Graduate student, Graduate Program in Dentistry, School of Dentistry, Federal University of Pelotas, Pelotas, Brazil.
J Prosthet Dent. 2013 Nov;110(5):356-62. doi: 10.1016/j.prosdent.2013.07.003. Epub 2013 Aug 30.
Denture liners are well known for their poor physical properties that favor the accumulation of plaque and colonization by Candida species, which can irritate the oral tissues and lead to denture stomatitis.
A systematic review was conducted to determine the feasibility of a prevention protocol for Candida colonization in denture liners and an effective treatment after the fungi has colonized the material.
Clinical and in vitro investigations that assessed the treatment and/or prevention of Candida colonization and biofilm formation in denture liners were selected according to the PRISMA statement.

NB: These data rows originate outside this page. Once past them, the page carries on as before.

lemma linear_ode_solution_Icc:
  fixes w g :: "real \<Rightarrow> real"
  assumes deriv: "\<And>t. t \<in> {a..b} \<Longrightarrow> (w has_real_derivative w t * g t) (at t within {a..b})"
    and g: "continuous_on {a..b} g" and t: "t \<in> {a..b}"
  shows "w t = w a * exp (integral {a..t} g)"
proof -
  define G where "G t = integral {a..t} g" for t
  have "((\<lambda>t. w t * exp (- G t)) has_real_derivative 0) (at t within {a..b})"
    if "t \<in> {a..b}" for t
  proof -
    have "(G has_real_derivative g t) (at t within {a..b})"
      unfolding G_def by (rule integral_has_real_derivative[OF g that])
    from DERIV_mult[OF deriv[OF that] DERIV_chain2[OF DERIV_exp DERIV_minus[OF this]]]
    show ?thesis
      by (simp add: algebra_simps)
  qed
  then obtain c where "\<forall>t\<in>{a..b}. w t * exp (- G t) = c"
    using has_field_derivative_zero_constant[of "{a..b}" "\<lambda>t. w t * exp (- G t)"] by blast
  then have "w t * exp (- G t) = w a * exp (- G a)"
    using t by auto
  moreover have "G a = 0"
    by (simp add: G_def)
  ultimately show ?thesis
    by (simp add: G_def exp_minus field_simps)
qed

lemma continuous_on_Icc_abs_bound:
  fixes f :: "real \<Rightarrow> real"
  assumes "continuous_on {a..b} f"
  obtains M where "\<And>t. t \<in> {a..b} \<Longrightarrow> \<bar>f t\<bar> \<le> M"
  using continuous_on_compact_bound[OF compact_Icc assms] by (metis real_norm_def)

lemma integral_exp_weighted_bound:
  fixes g :: "real \<Rightarrow> real"
  assumes g: "g integrable_on {0..u}" and "u \<ge> 0" "K > 0"
    and bound: "\<And>s. s \<in> {0..u} \<Longrightarrow> \<bar>g s\<bar> \<le> c * exp (K * s)"
  shows "exp (- (K * u)) * \<bar>integral {0..u} g\<bar> \<le> c / K"
proof -
  have "c \<ge> 0"
    using bound[of 0] \<open>u \<ge> 0\<close> by simp
  have prim: "((\<lambda>s. c * exp (K * s)) has_integral (c * exp (K * u) / K - c * exp (K * 0) / K)) {0..u}"
  proof (rule fundamental_theorem_of_calculus[OF \<open>u \<ge> 0\<close>])
    fix s assume "s \<in> {0..u}"
    have "((\<lambda>s. c * exp (K * s) / K) has_real_derivative c * exp (K * s)) (at s within {0..u})"
      using \<open>K > 0\<close> by (auto intro!: derivative_eq_intros)
    then show "((\<lambda>s. c * exp (K * s) / K) has_vector_derivative c * exp (K * s)) (at s within {0..u})"
      by (simp add: has_real_derivative_iff_has_vector_derivative)
  qed
  have "norm (integral {0..u} g) \<le> integral {0..u} (\<lambda>s. c * exp (K * s))"
    using bound by (intro integral_norm_bound_integral[OF g has_integral_integrable[OF prim]]) simp
  then have "\<bar>integral {0..u} g\<bar> \<le> c * exp (K * u) / K - c / K"
    using integral_unique[OF prim] by simp
  then have "exp (- (K * u)) * \<bar>integral {0..u} g\<bar> \<le> exp (- (K * u)) * (c * exp (K * u) / K - c / K)"
    by (rule mult_left_mono) simp
  also have "\<dots> = c / K - exp (- (K * u)) * c / K"
    by (simp add: field_simps exp_minus)
  also have "\<dots> \<le> c / K"
    using \<open>c \<ge> 0\<close> \<open>K > 0\<close> by simp
  finally show ?thesis .
qed
lemma gf4_isotropic_pair_normal_form_orthogonal:
  fixes x y :: "'a::{field,finite}^'n"
  assumes c4: "CARD('a) = 4" and x: "x \<in> Phi 2" and y: "y \<in> Phi 2" and xy: "herm 2 x y = 0"
    and indep: "\<And>l. y \<noteq> l *s x"
  obtains ua ub uc ud where "orthonormal_on 2 {0, 1, 2, 3} ((!) [ua, ub, uc, ud])"
    and "x = ua + ub" and "y = uc + ud"
proof -
  obtain x' y' where x': "herm 2 x x' = 1" "herm 2 x' x' = 0" and y': "herm 2 y y' = 1" "herm 2 y' y' = 0"
    and x'y: "herm 2 x' y = 0" and xy': "herm 2 x y' = 0" and x'y': "herm 2 x' y' = 0"
    using gf4_ex_orthogonal_hyperbolic_partners[OF assms] by blast
  have xx: "herm 2 x x = 0" and yy: "herm 2 y y = 0"
    using x y by (simp_all add: Phi_def)
  note sym = herm2_conj_sym[OF c4]
  have cross: "herm 2 (p + a *s p') (r + b *s r') = 0"
    if "herm 2 p r = 0" "herm 2 p r' = 0" "herm 2 p' r = 0" "herm 2 p' r' = 0"
    for p p' r r' :: "'a^'n" and a b :: 'a
    using that by (simp add: herm2_add_right[OF c4] herm_add_left herm_smult_left herm_smult_right)
  have cross_xy: "herm 2 (x' + a *s x) (y' + b *s y) = 0" for a b
    by (rule cross) (use x'y' x'y xy' xy in simp_all)
  have cross_yx: "herm 2 (y' + a *s y) (x' + b *s x) = 0" for a b
    by (rule cross) (use sym[of y' x'] sym[of y' x] sym[of y x'] sym[of y x] x'y' xy' x'y xy in simp_all)
  note hx = gf4_hyperbolic_pair_orthonormal[OF c4 xx x'(2,1)]
  note hy = gf4_hyperbolic_pair_orthonormal[OF c4 yy y'(2,1)]
  show ?thesis
  proof (rule that)
    show "orthonormal_on 2 {0, 1, 2, 3}
        ((!) [x' + gf4_omega *s x, x' + gf4_omega ^ 2 *s x, y' + gf4_omega *s y, y' + gf4_omega ^ 2 *s y])"
      using hx(1-4) hy(1-4) cross_xy cross_yx by (simp add: orthonormal_on_def)
  qed (simp_all only: hx(5) hy(5))
qed

section \<open>Commutativity for \<open>q = 2\<close>\<close>

lemma gf4_ex_GU_swap_vec_conj_proportional:
  fixes x y :: "'a::{field,finite}^'n"
  assumes c4: "CARD('a) = 4" and x: "x \<in> Phi 2" and y: "y \<in> Phi 2" and "y = l *s x"
  obtains T where "T \<in> GU 2" and "x v* T = vec_conj 2 y" and "y v* T = vec_conj 2 x"
proof -
  have "l \<noteq> 0"
    using x y \<open>y = l *s x\<close> by (auto simp: Phi_def)
  have conj_x: "vec_conj 2 x = l *s vec_conj 2 y"
    using gf4_power_3[OF c4 \<open>l \<noteq> 0\<close>] \<open>y = l *s x\<close>
    by (simp add: vec_conj_smult power2_eq_square power3_eq_cube mult_ac)
  obtain ua ub where u: "orthonormal_on 2 {0, 1} ((!) [ua, ub])" "x = ua + ub"
    using gf4_isotropic_normal_form[OF c4 x] by blast
  obtain ua' ub' where u': "orthonormal_on 2 {0, 1} ((!) [ua', ub'])" "vec_conj 2 y = ua' + ub'"
    using gf4_isotropic_normal_form[OF c4 vec_conj_in_Phi[OF gf4_square_square[OF c4] y]] by blast
  obtain T where T: "T \<in> GU 2" "\<And>i. i \<in> {0, 1} \<Longrightarrow> [ua, ub] ! i v* T = [ua', ub'] ! i"
    using gf4_ex_GU_map_orthonormal[OF c4 _ u(1) u'(1)] by blast
  have "x v* T = vec_conj 2 y"
    using T(2)[of 0] T(2)[of 1] u(2) u'(2) by (simp add: vector_matrix_left_distrib)
  with T(1) show ?thesis
    using that \<open>y = l *s x\<close> conj_x by (simp add: scalar_vector_matrix_assoc)
qed

lemma gf4_ex_GU_swap_vec_conj_nonorthogonal:
  fixes x y :: "'a::{field,finite}^'n"
  assumes c4: "CARD('a) = 4" and x: "x \<in> Phi 2" and y: "y \<in> Phi 2" and "herm 2 x y \<noteq> 0"
  obtains T where "T \<in> GU 2" and "x v* T = vec_conj 2 y" and "y v* T = vec_conj 2 x"
proof -
  note inv = gf4_square_square[OF c4]
  define c where "c = herm 2 x y"
  have "c \<noteq> 0" and c': "herm 2 (vec_conj 2 y) (vec_conj 2 x) = c"
    using \<open>herm 2 x y \<noteq> 0\<close> herm_vec_conj[OF inv] by (simp_all add: c_def)
  obtain ua ub where u: "orthonormal_on 2 {0, 1} ((!) [ua, ub])" "x = ua + ub"
    "y = c ^ 2 *s (gf4_omega ^ 2 *s ua + gf4_omega *s ub)"
    using gf4_isotropic_pair_normal_form_nonorthogonal[OF c4 x y c_def[symmetric] \<open>c \<noteq> 0\<close>] by blast
  obtain ua' ub' where u': "orthonormal_on 2 {0, 1} ((!) [ua', ub'])" "vec_conj 2 y = ua' + ub'"
    "vec_conj 2 x = c ^ 2 *s (gf4_omega ^ 2 *s ua' + gf4_omega *s ub')"
    using gf4_isotropic_pair_normal_form_nonorthogonal[OF c4 vec_conj_in_Phi[OF inv y]
        vec_conj_in_Phi[OF inv x] c' \<open>c \<noteq> 0\<close>] by blast
  obtain T where T: "T \<in> GU 2" "\<And>i. i \<in> {0, 1} \<Longrightarrow> [ua, ub] ! i v* T = [ua', ub'] ! i"
    using gf4_ex_GU_map_orthonormal[OF c4 _ u(1) u'(1)] by blast
  show ?thesis
    using that[OF T(1)] T(2)[of 0] T(2)[of 1] u(2,3) u'(2,3)
    by (simp add: vector_matrix_left_distrib scalar_vector_matrix_assoc)
qed

lemma gf4_ex_GU_swap_vec_conj_orthogonal:
  fixes x y :: "'a::{field,finite}^'n"
  assumes c4: "CARD('a) = 4" and x: "x \<in> Phi 2" and y: "y \<in> Phi 2" and xy: "herm 2 x y = 0"
    and indep: "\<And>l. y \<noteq> l *s x"
  obtains T where "T \<in> GU 2" and "x v* T = vec_conj 2 y" and "y v* T = vec_conj 2 x"
proof -
  note inv = gf4_square_square[OF c4]
  have conj_indep: "vec_conj 2 x \<noteq> l *s vec_conj 2 y" for l
  proof
    assume "vec_conj 2 x = l *s vec_conj 2 y"
    then have "x = l ^ 2 *s y"
      using vec_conj_vec_conj[OF inv] by (metis vec_conj_smult)
    moreover have "x \<noteq> 0"
      using x by (simp add: Phi_def)
    ultimately show False
      using neq_smult_swap[OF _ indep] by blast
  qed
  have c': "herm 2 (vec_conj 2 y) (vec_conj 2 x) = 0"
    using herm_vec_conj[OF inv, of y x] xy by simp
  obtain ua ub uc ud where u: "orthonormal_on 2 {0, 1, 2, 3} ((!) [ua, ub, uc, ud])"
    "x = ua + ub" "y = uc + ud"
    using gf4_isotropic_pair_normal_form_orthogonal[OF c4 x y xy indep] by blast
  obtain ua' ub' uc' ud' where u': "orthonormal_on 2 {0, 1, 2, 3} ((!) [ua', ub', uc', ud'])"
    "vec_conj 2 y = ua' + ub'" "vec_conj 2 x = uc' + ud'"
    using gf4_isotropic_pair_normal_form_orthogonal[OF c4 vec_conj_in_Phi[OF inv y]
        vec_conj_in_Phi[OF inv x] c' conj_indep] by blast
  obtain T where T: "T \<in> GU 2"
    "\<And>i. i \<in> {0, 1, 2, 3} \<Longrightarrow> [ua, ub, uc, ud] ! i v* T = [ua', ub', uc', ud'] ! i"
    using gf4_ex_GU_map_orthonormal[OF c4 _ u(1) u'(1)] by blast
  show ?thesis
    using that[OF T(1)] T(2)[of 0] T(2)[of 1] T(2)[of 2] T(2)[of 3] u(2,3) u'(2,3)
    by (simp add: vector_matrix_left_distrib)
qed

lemma gf4_ex_GU_swap_vec_conj:
  fixes x y :: "'a::{field,finite}^'n"
  assumes c4: "CARD('a) = 4" and x: "x \<in> Phi 2" and y: "y \<in> Phi 2"
  obtains T where "T \<in> GU 2" and "x v* T = vec_conj 2 y" and "y v* T = vec_conj 2 x"
proof (cases "\<exists>l. y = l *s x")
  case True
  then show ?thesis
    using gf4_ex_GU_swap_vec_conj_proportional[OF c4 x y] that by blast
next
  case False
  then show ?thesis
    using gf4_ex_GU_swap_vec_conj_nonorthogonal[OF c4 x y] gf4_ex_GU_swap_vec_conj_orthogonal[OF c4 x y]
      that by blast
qed

lemma gf4_orbitals_vec_conj:
  fixes R :: "(('a::{field,finite}^'n) \<times> ('a^'n)) set"
  assumes c4: "CARD('a) = 4" and R: "R \<in> orbitals 2" and pr: "(p, r) \<in> R"
  shows "(vec_conj 2 r, vec_conj 2 p) \<in> R"
proof -
  have frob: "\<And>a b::'a. (a + b) ^ 2 = a ^ 2 + b ^ 2"
    by (rule gf4_square_add[OF c4])
  obtain T where T: "T \<in> GU 2" "p v* T = vec_conj 2 r" "r v* T = vec_conj 2 p"
    using gf4_ex_GU_swap_vec_conj[OF c4 orbitals_subset_Phi[OF frob _ R pr]] by auto
  show ?thesis
    using orbitals_vector_matrix_GU[OF frob _ R pr T(1)] T(2,3) by simp
qed

theorem commutative_scheme_gf4:
  assumes "CARD('a::{field,finite}) = 4"
  shows "commutative_scheme 2 TYPE('a^'n::finite)"
  by (rule commutative_schemeI_vec_conj)
    (simp_all add: assms gf4_square_add gf4_power_4 gf4_orbitals_vec_conj)

theorem theorem4p1:
  fixes q :: nat
  assumes "prime_power q"
    and "CARD('a::{field,finite}) = q ^ 2"
    and "CARD('n::finite) \<ge> 2"
  shows "commutative_scheme q TYPE('a ^ 'n) \<longleftrightarrow> q = 2"
proof
  assume "commutative_scheme q TYPE('a ^ 'n)"
  then show "q = 2"
    by (rule q_eq_2_if_commutative_scheme[OF assms])
next
  assume "q = 2"
  with assms(2) show "commutative_scheme q TYPE('a ^ 'n)"
    using commutative_scheme_gf4[where 'a='a and 'n='n] by simp
qed

end
lemma pinch_mult_right:
  assumes "pinch e (g \<otimes> c) e'" and "c \<in> zpowers (lgen e')" and "g \<in> carrier G"
  shows "pinch e g e'"
  using assms subgroup_mult_cancel_right[OF subgroup_of_powers[OF rgen_closed], of c e g]
  by (auto simp: pinch_def)

lemma act_t_no_pinch:
  assumes "g \<in> carrier G" and "s = [] \<or> \<not> pinch e g (fst (hd s))"
  obtains r where "act_t e (g, s) = (lgen e [^] cexp (rgen e) g, (e, r) # s)"
proof -
  obtain m r where d: "g = rgen e [^] (m::int) \<otimes> r" "r \<in> carrier G" "crep (rgen e) r = r"
    using rgen_decomp[OF assms(1)] by blast
  have no_pinch: "\<not> (r = \<one> \<and> s \<noteq> [] \<and> fst (hd s) = (\<not> e))"
    using assms d by (auto simp: pinch_def)
  have "cexp (rgen e) g = m"
    using crep_cexp_zpow_mult(2)[OF rgen_closed ord_rgen d(2,3)] d(1) by simp
  then show ?thesis using that act_t_decomp[OF d, of s] no_pinch by simp
qed

text \<open>Acting by a reduced word pushes every one of its syllables onto the normal form:
  no cancellation can occur, since a cancellation would exhibit a pinch.\<close>

lemma act_reduced:
  assumes "reduced L" and "syls_closed L" and "L \<noteq> []" and "d \<in> carrier G"
    and "s = [] \<or> \<not> pinch (fst (last L)) (snd (last L) \<otimes> d) (fst (hd s))"
  shows "\<exists>c s'. act_word (syls_word L) (d, s) = (c, s') \<and> c \<in> zpowers (lgen (fst (hd L)))
           \<and> s' \<noteq> [] \<and> fst (hd s') = fst (hd L) \<and> length s' = length L + length s"
  using assms
proof (induction L rule: reduced.induct)
  case (2 x)
  obtain e g where x: "x = (e, g)" by (cases x)
  obtain r where "act_t e (g \<otimes> d, s) = (lgen e [^] cexp (rgen e) (g \<otimes> d), (e, r) # s)"
    using act_t_no_pinch[of "g \<otimes> d" s e] 2 x by auto
  then show ?case using 2 x by auto
next
  case (3 e g e' g' L)
  then obtain c s' where IH: "act_word (syls_word ((e', g') # L)) (d, s) = (c, s')"
    "c \<in> zpowers (lgen e')" "s' \<noteq> []" "fst (hd s') = e'" "length s' = Suc (length L) + length s"
    by auto
  have g: "g \<in> carrier G" and c: "c \<in> carrier G" using 3 IH(2) by auto
  have "\<not> pinch e (g \<otimes> c) (fst (hd s'))"
    using pinch_mult_right[of e g c e'] 3(2) IH g by auto
  then obtain r where "act_t e (g \<otimes> c, s') = (lgen e [^] cexp (rgen e) (g \<otimes> c), (e, r) # s')"
    using act_t_no_pinch[of "g \<otimes> c" s' e] g c by auto
  then show ?case using IH g by auto
qed simp

lemma act_pow_cyc_reduced:
  assumes "reduced L" and "syls_closed L" and "L \<noteq> []" and "g \<in> carrier G"
    and "cyc_reduced (g, L)"
  shows "length (snd (act_word (word_pow (form_word (g, L)) j) (\<one>, []))) = j * length L"
proof -
  let ?pinch_free = "\<lambda>(d, s). d \<in> carrier G \<and>
    (s = [] \<or> \<not> pinch (fst (last L)) (snd (last L) \<otimes> d) (fst (hd s)))"
  have "?pinch_free (act_word (word_pow (form_word (g, L)) j) (\<one>, []))
    \<and> length (snd (act_word (word_pow (form_word (g, L)) j) (\<one>, []))) = j * length L"
  proof (induction j)
    case (Suc j)
    obtain d s where ds: "act_word (word_pow (form_word (g, L)) j) (\<one>, []) = (d, s)"
      by fastforce
    obtain c s' where c: "act_word (syls_word L) (d, s) = (c, s')"
      "c \<in> zpowers (lgen (fst (hd L)))" "s' \<noteq> []" "fst (hd s') = fst (hd L)"
      "length s' = length L + length s"
      using act_reduced[OF assms(1-3), of d s] Suc ds by auto
    have gl: "snd (last L) \<in> carrier G" using assms(2,3) by (auto simp: syls_closed_def)
    have "\<not> pinch (fst (last L)) (snd (last L) \<otimes> (g \<otimes> c)) (fst (hd s'))"
      using pinch_mult_right[of "fst (last L)" "snd (last L) \<otimes> g" c] assms(4,5) c gl
      by (auto simp: cyc_reduced_def m_assoc)
    moreover have "c \<in> carrier G" using c(2) by auto
    ultimately show ?case
      using Suc ds c assms(4) by (simp add: word_pow_Suc form_word_def)
  qed simp
  then show ?thesis by simp
qed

Seven electronic databases were searched from 1950 to April 2012 with the keywords "denture liner" OR "reline*" OR "tissue conditioner" AND "Candida" OR "denture stomatitis" OR "oral candidiasis" OR "antifungal agents" OR "denture clean*".
The incorporation of nystatin (in general, 500 000 units) into tissue conditioners to prevent the onset of the disease and immersion in sodium hypochlorite for disinfection were the methods most often described in this systematic review, and both methods were able to prevent or inhibit Candida colonization, depending on their concentrations. The 0.5% sodium hypochlorite concentration can disinfect tissue conditioners and denture liners. Microwave irradiation has also been described an alternative method of disinfection. Because of a lack of standardized results (especially with regard to the method used to perform microbial counts), a meta-analysis could not be performed.
The literature suggests that the use of 0.5% sodium hypochlorite can help disinfect denture liners and tissue conditioners. The incorporation of nystatin in those materials is also able to treat or prevent oral candidiasis. However, as most of the studies were in vitro, there is insufficient reliable evidence to truly provide recommendations regarding the ideal cleaning method or whether the addition of antifungal agents is worthwhile. Well-designed randomized controlled trials are needed to provide answers to these questions.
义齿衬垫以其较差的物理性能而闻名,这些性能有利于牙菌斑的积累和念珠菌的定植,这会刺激口腔组织并导致义齿性口炎。
进行了系统评价,以确定预防义齿衬垫中念珠菌定植的方案的可行性,以及真菌定植后对衬垫材料进行有效治疗的方案。
根据 PRISMA 声明,选择了评估治疗和/或预防义齿衬垫中念珠菌定植和生物膜形成的临床和体外研究。从 1950 年到 2012 年 4 月,使用“义齿衬垫”或“重新衬垫”或“组织调节剂”和“念珠菌”或“义齿性口炎”或“口腔念珠菌病”或“抗真菌剂”或“义齿清洁”等关键词,在七个电子数据库中进行了搜索。
在本系统评价中,最常描述的方法是将制霉菌素(通常为 500 万单位)掺入组织调节剂中以预防疾病的发生和将义齿浸泡在次氯酸钠中进行消毒。这两种方法都能够预防或抑制念珠菌的定植,具体取决于其浓度。0.5%的次氯酸钠浓度可以对组织调节剂和义齿衬垫进行消毒。微波辐射也被描述为一种替代消毒方法。由于缺乏标准化的结果(尤其是在执行微生物计数时使用的方法方面),因此无法进行荟萃分析。
文献表明,使用 0.5%的次氯酸钠有助于消毒义齿衬垫和组织调节剂。在这些材料中掺入制霉菌素也能够治疗或预防口腔念珠菌病。然而,由于大多数研究都是在体外进行的,因此没有足够可靠的证据来真正提供有关理想清洁方法的建议,或者添加抗真菌剂是否值得。需要进行设计良好的随机对照试验来回答这些问题。